# YOUR ASSIGNMENT
Go through the entries below and copy each line that holds the word "have".

(Dataset entries)
=====

theorem theorem5:
  fixes mu sigma2 :: "real \<Rightarrow> 'p \<Rightarrow> real"
    and Theta :: "'p set" and th :: 'p
    and xl xr :: ereal and xstar :: real
    and V :: "real \<Rightarrow> real"
    and X :: "real set"
  defines "X \<equiv> {x. xl < ereal x \<and> ereal x < xr}"
  assumes interval: "xl < xr" and xstar: "xstar \<in> X"
    and a: "\<forall>t\<in>Theta. C2_on X (\<lambda>x. mu x t) \<and> C2_on X (\<lambda>x. sigma2 x t)
                     \<and> (\<forall>x\<in>X. sigma2 x t > 0)"
    and b: "\<forall>t\<in>Theta.
              filterlim (scale_measure mu sigma2 xstar t) at_bot (left_end xl)
            \<and> filterlim (scale_measure mu sigma2 xstar t) at_top (right_end xr)"
    and th: "th \<in> Theta"
    and c: "admissible_V X V"
  shows "identified mu sigma2 Theta X (th, V) \<longleftrightarrow>
    \<not> (\<exists>eta1 eta2 th'. th' \<in> Theta \<and> eta1 > 0 \<and> (eta1 \<noteq> 1 \<or> eta2 \<noteq> 0 \<or> th' \<noteq> th) \<and>
         (\<forall>xb \<in> scale_measure mu sigma2 xstar th ` X.
            sigma2_bar mu sigma2 X xstar th' xb
              = sigma2_bar mu sigma2 X xstar th (eta1 * xb + eta2) / eta1\<^sup>2))"
proof -
  have X: "X = {x. xl < ereal x \<and> ereal x < xr}"
    by (simp add: X_def)
  interpret diffusion_model mu sigma2 Theta X xstar
    using open_interval_ereal[of xl xr] X xstar a by unfold_locales auto
  have "scale_measure mu sigma2 xstar t ` X = UNIV" if "t \<in> Theta" for t
  proof (rule image_eq_UNIV_if_filterlim_ends[OF X xstar])
    show "continuous_on X (scale_measure mu sigma2 xstar t)"
      using admissible_scale_measure[OF that] C2_on_imp_continuous_on(1) by (auto simp: admissible_V_def)
  qed (use b that in auto)
  then interpret recurrent_diffusion_model mu sigma2 Theta X xstar
    by unfold_locales
  show ?thesis
    using identified_iff_no_affine_sigma2_bar_relation[OF th c] scale_measure_surj[OF th] by simp
qed

end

=====

# OUTPUT FOR THIS EXERCISE
  have X: "X = {x. xl < ereal x \<and> ereal x < xr}"
  have "scale_measure mu sigma2 xstar t ` X = UNIV" if "t \<in> Theta" for t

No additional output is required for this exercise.